About this exercise - Nothing below is to be printed except the lines between the line holding "(* For every" and the line holding "text \<open>Descent set", inclusive, each exactly as it appears.

Data for this task -

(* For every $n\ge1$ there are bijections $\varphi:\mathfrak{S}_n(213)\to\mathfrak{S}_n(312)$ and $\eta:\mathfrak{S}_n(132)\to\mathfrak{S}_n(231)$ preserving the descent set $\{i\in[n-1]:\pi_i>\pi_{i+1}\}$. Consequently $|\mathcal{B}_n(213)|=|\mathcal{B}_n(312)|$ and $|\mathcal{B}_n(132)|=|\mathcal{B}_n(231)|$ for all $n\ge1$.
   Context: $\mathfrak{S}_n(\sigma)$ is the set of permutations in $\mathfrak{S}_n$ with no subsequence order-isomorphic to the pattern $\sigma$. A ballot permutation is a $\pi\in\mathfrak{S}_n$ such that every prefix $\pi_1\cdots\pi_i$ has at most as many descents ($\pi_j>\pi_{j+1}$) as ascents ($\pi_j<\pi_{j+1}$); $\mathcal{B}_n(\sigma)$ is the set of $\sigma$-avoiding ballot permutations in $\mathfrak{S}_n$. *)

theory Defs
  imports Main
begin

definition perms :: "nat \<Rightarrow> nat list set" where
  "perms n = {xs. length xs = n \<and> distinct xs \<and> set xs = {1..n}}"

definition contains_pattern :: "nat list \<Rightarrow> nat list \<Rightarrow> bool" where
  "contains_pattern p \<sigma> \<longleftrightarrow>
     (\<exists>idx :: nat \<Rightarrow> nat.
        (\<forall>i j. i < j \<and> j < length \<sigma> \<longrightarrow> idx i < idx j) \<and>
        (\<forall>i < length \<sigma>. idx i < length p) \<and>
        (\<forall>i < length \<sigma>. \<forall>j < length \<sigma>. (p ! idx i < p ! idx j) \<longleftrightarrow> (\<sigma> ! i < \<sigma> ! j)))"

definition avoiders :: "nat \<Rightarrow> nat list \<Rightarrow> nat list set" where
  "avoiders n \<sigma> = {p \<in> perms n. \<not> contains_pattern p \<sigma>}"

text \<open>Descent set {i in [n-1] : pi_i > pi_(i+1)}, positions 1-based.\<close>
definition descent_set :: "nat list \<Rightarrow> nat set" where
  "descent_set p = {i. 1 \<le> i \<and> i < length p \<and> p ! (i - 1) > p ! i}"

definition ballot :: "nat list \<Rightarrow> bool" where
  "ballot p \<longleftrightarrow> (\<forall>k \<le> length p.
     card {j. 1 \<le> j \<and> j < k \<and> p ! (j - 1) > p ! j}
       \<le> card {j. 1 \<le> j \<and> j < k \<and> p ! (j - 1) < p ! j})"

...

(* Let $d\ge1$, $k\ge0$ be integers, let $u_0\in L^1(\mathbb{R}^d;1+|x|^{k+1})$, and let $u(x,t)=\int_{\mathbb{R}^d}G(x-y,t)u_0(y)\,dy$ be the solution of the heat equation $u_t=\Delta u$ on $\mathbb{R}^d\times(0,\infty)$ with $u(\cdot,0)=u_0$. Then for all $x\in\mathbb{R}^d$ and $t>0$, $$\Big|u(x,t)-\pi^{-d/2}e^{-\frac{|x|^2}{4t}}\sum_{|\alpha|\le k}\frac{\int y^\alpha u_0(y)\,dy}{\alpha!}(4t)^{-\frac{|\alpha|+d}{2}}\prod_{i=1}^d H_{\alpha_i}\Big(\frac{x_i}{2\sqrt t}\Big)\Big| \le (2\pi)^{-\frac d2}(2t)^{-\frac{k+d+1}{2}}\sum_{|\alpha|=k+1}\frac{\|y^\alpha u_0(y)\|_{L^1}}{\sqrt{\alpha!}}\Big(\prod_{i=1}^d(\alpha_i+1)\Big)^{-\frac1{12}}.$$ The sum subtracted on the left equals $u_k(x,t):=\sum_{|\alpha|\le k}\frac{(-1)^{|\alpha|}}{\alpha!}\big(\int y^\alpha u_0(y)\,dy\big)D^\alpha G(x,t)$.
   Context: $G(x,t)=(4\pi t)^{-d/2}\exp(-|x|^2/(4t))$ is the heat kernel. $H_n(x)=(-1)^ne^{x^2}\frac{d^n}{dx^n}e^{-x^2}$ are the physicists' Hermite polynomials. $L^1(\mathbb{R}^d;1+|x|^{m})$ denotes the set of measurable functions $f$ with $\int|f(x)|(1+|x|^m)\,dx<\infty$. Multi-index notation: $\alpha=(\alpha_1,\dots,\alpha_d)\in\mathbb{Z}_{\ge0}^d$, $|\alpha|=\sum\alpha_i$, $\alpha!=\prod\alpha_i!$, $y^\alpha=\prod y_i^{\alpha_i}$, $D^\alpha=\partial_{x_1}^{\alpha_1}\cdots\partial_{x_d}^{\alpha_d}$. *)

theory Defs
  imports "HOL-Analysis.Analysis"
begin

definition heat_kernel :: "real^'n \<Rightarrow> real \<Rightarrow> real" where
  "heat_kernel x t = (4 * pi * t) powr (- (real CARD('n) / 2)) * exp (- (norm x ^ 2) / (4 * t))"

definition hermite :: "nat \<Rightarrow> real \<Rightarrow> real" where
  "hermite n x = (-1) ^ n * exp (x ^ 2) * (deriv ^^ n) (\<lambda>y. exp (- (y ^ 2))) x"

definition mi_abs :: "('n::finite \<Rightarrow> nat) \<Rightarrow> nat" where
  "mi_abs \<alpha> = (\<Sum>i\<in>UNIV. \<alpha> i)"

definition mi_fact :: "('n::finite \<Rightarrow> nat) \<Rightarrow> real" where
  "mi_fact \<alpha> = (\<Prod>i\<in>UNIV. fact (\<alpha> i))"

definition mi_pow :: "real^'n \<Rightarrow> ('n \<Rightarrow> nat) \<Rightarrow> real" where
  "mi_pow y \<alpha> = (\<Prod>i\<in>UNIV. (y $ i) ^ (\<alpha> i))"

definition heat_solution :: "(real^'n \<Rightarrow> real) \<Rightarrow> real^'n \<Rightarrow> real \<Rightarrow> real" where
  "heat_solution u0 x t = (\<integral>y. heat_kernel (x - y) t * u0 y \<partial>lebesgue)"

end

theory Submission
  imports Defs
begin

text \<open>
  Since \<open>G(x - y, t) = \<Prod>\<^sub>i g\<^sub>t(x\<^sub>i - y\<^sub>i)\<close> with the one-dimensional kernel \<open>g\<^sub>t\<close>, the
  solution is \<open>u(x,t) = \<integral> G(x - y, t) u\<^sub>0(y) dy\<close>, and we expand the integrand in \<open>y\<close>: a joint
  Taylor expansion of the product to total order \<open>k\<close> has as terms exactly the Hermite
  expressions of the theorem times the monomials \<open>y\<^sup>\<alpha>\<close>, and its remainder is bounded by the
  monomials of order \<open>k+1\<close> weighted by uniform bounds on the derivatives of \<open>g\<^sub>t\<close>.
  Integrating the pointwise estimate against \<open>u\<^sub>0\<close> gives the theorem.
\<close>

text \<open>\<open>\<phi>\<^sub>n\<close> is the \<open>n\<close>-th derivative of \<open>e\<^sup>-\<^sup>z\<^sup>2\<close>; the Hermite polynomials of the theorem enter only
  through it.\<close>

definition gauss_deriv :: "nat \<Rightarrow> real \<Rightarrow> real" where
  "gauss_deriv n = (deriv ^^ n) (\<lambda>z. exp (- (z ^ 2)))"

...

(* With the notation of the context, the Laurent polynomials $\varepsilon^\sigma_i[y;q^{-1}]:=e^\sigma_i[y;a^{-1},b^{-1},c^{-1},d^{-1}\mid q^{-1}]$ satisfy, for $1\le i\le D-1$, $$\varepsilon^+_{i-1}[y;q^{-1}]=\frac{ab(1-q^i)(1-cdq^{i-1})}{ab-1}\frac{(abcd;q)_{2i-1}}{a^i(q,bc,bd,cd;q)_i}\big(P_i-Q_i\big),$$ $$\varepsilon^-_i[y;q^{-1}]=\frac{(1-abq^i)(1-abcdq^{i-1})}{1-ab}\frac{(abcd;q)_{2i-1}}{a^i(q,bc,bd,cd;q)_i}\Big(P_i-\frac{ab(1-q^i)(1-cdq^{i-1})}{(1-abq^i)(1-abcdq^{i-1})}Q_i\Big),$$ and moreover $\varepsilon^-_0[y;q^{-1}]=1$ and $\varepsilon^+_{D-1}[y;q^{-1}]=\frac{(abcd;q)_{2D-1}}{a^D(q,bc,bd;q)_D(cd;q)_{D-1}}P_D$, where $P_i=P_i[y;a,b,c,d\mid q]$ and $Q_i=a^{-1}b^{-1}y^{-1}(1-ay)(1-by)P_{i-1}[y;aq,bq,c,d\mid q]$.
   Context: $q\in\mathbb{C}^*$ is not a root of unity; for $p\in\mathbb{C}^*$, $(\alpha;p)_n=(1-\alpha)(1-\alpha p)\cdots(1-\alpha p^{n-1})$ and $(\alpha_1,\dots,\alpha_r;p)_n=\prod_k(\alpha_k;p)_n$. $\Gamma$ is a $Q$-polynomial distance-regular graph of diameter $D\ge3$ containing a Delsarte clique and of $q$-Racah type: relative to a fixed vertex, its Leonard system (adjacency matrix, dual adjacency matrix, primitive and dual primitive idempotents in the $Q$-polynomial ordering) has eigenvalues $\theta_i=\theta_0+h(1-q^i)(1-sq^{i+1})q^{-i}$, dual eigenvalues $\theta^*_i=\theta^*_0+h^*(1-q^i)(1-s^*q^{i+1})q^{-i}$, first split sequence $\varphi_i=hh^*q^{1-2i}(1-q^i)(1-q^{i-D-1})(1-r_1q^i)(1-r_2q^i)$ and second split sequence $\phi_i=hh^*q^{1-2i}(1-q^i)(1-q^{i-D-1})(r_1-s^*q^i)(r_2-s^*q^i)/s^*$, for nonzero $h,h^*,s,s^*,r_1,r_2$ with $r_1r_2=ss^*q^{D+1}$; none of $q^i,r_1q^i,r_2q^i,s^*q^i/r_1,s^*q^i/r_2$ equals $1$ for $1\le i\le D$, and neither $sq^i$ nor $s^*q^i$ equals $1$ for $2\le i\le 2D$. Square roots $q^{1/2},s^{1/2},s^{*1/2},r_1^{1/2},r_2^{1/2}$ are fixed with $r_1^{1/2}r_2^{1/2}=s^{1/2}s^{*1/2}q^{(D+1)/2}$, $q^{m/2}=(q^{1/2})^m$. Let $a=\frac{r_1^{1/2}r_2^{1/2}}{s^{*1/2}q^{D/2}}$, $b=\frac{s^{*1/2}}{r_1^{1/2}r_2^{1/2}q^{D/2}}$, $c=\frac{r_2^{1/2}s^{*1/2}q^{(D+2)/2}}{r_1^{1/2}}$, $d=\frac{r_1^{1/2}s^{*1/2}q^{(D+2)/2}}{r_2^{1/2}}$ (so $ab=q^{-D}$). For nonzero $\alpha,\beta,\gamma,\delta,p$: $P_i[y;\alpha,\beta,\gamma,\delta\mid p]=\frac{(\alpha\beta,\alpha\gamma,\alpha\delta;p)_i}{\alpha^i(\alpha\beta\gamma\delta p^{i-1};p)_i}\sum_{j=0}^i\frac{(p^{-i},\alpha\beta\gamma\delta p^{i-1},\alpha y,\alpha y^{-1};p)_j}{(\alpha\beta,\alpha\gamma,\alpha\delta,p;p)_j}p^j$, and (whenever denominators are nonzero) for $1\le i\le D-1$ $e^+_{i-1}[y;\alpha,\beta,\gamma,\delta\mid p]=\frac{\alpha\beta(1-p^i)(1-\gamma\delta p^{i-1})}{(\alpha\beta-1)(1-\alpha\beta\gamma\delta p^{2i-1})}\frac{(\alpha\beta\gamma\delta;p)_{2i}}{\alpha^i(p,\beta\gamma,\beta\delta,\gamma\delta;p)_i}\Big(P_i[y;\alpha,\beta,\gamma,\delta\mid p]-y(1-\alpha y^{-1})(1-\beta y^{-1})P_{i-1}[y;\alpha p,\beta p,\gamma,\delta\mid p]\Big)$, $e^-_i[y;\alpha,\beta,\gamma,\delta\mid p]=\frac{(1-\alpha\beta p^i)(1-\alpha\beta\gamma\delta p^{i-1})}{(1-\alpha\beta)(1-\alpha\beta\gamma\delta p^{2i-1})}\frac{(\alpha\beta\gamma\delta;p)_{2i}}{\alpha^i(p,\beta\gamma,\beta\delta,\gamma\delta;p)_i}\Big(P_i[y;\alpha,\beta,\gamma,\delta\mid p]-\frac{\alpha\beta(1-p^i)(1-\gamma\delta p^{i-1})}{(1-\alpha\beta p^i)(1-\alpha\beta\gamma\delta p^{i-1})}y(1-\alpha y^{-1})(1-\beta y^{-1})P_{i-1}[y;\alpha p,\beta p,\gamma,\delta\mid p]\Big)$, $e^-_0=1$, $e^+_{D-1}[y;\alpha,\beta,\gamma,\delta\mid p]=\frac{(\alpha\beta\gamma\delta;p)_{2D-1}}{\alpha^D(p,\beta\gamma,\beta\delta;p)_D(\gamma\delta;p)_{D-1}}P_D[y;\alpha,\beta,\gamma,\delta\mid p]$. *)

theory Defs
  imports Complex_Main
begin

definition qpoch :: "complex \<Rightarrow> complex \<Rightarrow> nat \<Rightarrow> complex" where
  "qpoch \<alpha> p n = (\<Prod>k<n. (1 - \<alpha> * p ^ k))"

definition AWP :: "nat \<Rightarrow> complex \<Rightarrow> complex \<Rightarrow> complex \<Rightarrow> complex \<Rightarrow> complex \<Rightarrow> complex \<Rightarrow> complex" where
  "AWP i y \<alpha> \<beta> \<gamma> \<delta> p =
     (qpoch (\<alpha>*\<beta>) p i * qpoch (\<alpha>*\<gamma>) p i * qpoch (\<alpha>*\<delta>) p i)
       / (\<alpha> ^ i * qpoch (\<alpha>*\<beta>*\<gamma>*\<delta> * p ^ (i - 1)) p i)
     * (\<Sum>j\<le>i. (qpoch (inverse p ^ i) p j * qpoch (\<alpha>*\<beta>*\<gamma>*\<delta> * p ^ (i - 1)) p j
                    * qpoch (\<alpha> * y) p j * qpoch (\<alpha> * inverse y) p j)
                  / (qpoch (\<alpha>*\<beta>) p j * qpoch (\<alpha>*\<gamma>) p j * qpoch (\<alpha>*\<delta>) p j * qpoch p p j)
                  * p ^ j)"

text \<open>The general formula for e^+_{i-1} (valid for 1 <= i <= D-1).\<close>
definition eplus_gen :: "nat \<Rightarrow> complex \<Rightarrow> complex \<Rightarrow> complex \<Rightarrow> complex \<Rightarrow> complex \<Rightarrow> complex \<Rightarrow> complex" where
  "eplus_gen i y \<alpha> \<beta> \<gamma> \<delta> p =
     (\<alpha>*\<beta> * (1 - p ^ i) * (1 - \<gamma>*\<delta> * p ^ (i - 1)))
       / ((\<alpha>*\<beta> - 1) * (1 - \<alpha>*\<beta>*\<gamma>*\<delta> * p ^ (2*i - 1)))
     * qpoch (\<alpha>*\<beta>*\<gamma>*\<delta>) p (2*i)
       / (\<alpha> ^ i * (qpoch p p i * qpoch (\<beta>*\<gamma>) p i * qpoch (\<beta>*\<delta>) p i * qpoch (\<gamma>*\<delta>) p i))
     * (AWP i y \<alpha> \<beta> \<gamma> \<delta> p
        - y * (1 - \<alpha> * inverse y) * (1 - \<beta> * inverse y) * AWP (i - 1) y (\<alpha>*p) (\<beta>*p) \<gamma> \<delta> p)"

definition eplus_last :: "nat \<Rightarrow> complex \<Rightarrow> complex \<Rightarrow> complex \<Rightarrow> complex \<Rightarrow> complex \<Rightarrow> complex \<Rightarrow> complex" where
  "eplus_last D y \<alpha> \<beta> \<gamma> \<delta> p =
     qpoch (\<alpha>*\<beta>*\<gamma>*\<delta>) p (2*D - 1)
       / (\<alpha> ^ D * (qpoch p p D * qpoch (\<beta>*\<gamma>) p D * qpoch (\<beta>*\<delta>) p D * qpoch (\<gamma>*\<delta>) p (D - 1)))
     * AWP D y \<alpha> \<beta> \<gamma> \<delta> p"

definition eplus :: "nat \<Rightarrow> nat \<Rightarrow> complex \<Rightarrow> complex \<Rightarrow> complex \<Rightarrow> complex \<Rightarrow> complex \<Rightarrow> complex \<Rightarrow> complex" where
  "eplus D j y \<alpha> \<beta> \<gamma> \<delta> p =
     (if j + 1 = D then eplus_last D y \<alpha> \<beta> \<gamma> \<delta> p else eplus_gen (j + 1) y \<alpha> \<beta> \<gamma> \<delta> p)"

Output of the task -
(* For every $n\ge1$ there are bijections $\varphi:\mathfrak{S}_n(213)\to\mathfrak{S}_n(312)$ and $\eta:\mathfrak{S}_n(132)\to\mathfrak{S}_n(231)$ preserving the descent set $\{i\in[n-1]:\pi_i>\pi_{i+1}\}$. Consequently $|\mathcal{B}_n(213)|=|\mathcal{B}_n(312)|$ and $|\mathcal{B}_n(132)|=|\mathcal{B}_n(231)|$ for all $n\ge1$.
   Context: $\mathfrak{S}_n(\sigma)$ is the set of permutations in $\mathfrak{S}_n$ with no subsequence order-isomorphic to the pattern $\sigma$. A ballot permutation is a $\pi\in\mathfrak{S}_n$ such that every prefix $\pi_1\cdots\pi_i$ has at most as many descents ($\pi_j>\pi_{j+1}$) as ascents ($\pi_j<\pi_{j+1}$); $\mathcal{B}_n(\sigma)$ is the set of $\sigma$-avoiding ballot permutations in $\mathfrak{S}_n$. *)

theory Defs
  imports Main
begin

definition perms :: "nat \<Rightarrow> nat list set" where
  "perms n = {xs. length xs = n \<and> distinct xs \<and> set xs = {1..n}}"

definition contains_pattern :: "nat list \<Rightarrow> nat list \<Rightarrow> bool" where
  "contains_pattern p \<sigma> \<longleftrightarrow>
     (\<exists>idx :: nat \<Rightarrow> nat.
        (\<forall>i j. i < j \<and> j < length \<sigma> \<longrightarrow> idx i < idx j) \<and>
        (\<forall>i < length \<sigma>. idx i < length p) \<and>
        (\<forall>i < length \<sigma>. \<forall>j < length \<sigma>. (p ! idx i < p ! idx j) \<longleftrightarrow> (\<sigma> ! i < \<sigma> ! j)))"

definition avoiders :: "nat \<Rightarrow> nat list \<Rightarrow> nat list set" where
  "avoiders n \<sigma> = {p \<in> perms n. \<not> contains_pattern p \<sigma>}"

text \<open>Descent set {i in [n-1] : pi_i > pi_(i+1)}, positions 1-based.\<close>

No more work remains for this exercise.